In the film SALVADOR, the
> character played by James Woods is a _total and utter_ asshole. This makes
> the preachiness of the film more bearable, more able to sway the opinions
> of those not already converted.
It is not self-evident to me that art should persuade the unpersuaded. Rather, though it may have innumerable specific functions (including perhaps none at all), its audience should always be those who are already at least tentatively committed to the struggle. It deepens their commitment; it lets them talk to each other about their commitment or their tasks; it may simply entertain those in struggle. Most of the nastier fights over revolutionary (or simply progressive) art all stem from this assumption that it should persuade.
To put it Lenin's (and the 2d international's) terms, art is never agitation, it is always under the head of propaganda, which assumes it is speaking to "the converted."

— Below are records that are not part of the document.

(* Fix an integer $r\ge2$ and $\epsilon>0$. There exists $d_0$ such that for every fixed integer $d>d_0$, if $G$ is sampled from the configuration model $G^*(n,d)$ (with $nd$ even), then with probability $1-o(1)$ as $n\to\infty$, $m(G,r)\ge n\,d^{-\left(\frac{r}{r-1}+\epsilon\right)}$.
   Context: The configuration model $G^*(n,d)$: take cells $W=[n]\times[d]$, choose a uniformly random perfect matching of $W$, and for each matched pair of cells $(i,a),(j,b)$ add an edge between vertices $i$ and $j$ (the result may be a multigraph with loops and parallel edges). In bootstrap percolation the neighborhood $N(v)$ of a vertex is the set of distinct vertices $u\neq v$ joined to $v$ by at least one edge. Bootstrap percolation with threshold $r\ge 2$: given seeds $A_0\subseteq V$, $A_i=A_{i-1}\cup\{v:|N(v)\cap A_{i-1}|\ge r\}$ for $i\ge 1$, $\langle A_0\rangle=\bigcup_iA_i$; $A_0$ is contagious if $\langle A_0\rangle=V$, and $m(G,r)$ is the minimum size of a contagious set. *)

theory Defs
  imports Complex_Main
begin

definition cells :: "nat \<Rightarrow> nat \<Rightarrow> (nat \<times> nat) set" where
  "cells n d = {0..<n} \<times> {0..<d}"

definition perfect_matchings :: "nat \<Rightarrow> nat \<Rightarrow> (nat \<times> nat) set set set" where
  "perfect_matchings n d = {M. (\<forall>e\<in>M. card e = 2 \<and> e \<subseteq> cells n d)
      \<and> (\<forall>e\<in>M. \<forall>e'\<in>M. e \<noteq> e' \<longrightarrow> e \<inter> e' = {})
      \<and> \<Union>M = cells n d}"

definition nbr :: "(nat \<times> nat) set set \<Rightarrow> nat \<Rightarrow> nat set" where
  "nbr M v = {u. u \<noteq> v \<and> (\<exists>a b. {(v, a), (u, b)} \<in> M)}"

definition bp_step :: "nat \<Rightarrow> nat \<Rightarrow> (nat \<times> nat) set set \<Rightarrow> nat set \<Rightarrow> nat set" where
  "bp_step n r M A = A \<union> {v \<in> {0..<n}. card (nbr M v \<inter> A) \<ge> r}"

definition bp_closure :: "nat \<Rightarrow> nat \<Rightarrow> (nat \<times> nat) set set \<Rightarrow> nat set \<Rightarrow> nat set" where
  "bp_closure n r M A0 = (\<Union>i. (bp_step n r M ^^ i) A0)"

I think almost *all* the negative responses to Moore come not from his actual films, but from his presumption (especially in the *Nation* article) that his achievement as an artist gave his political opinions or advice some special status. There is no more reason that a successful left artist should possess political wisdom, or be correct politically, than that a successful bourgeois artist should be an effective political servant of capitalism. Bourgeois critics have learned over the last few centuries to make this sort of adjustment almost automatically -- and bourgeois artists have learned that their art gives them no more legitimacy than anyone else as a philosopher, ethicist, political seer, whatever. A judgment or a relative judgment of either Gold or Farrell as a novelist tells us nothing whatever about which one had the better politics.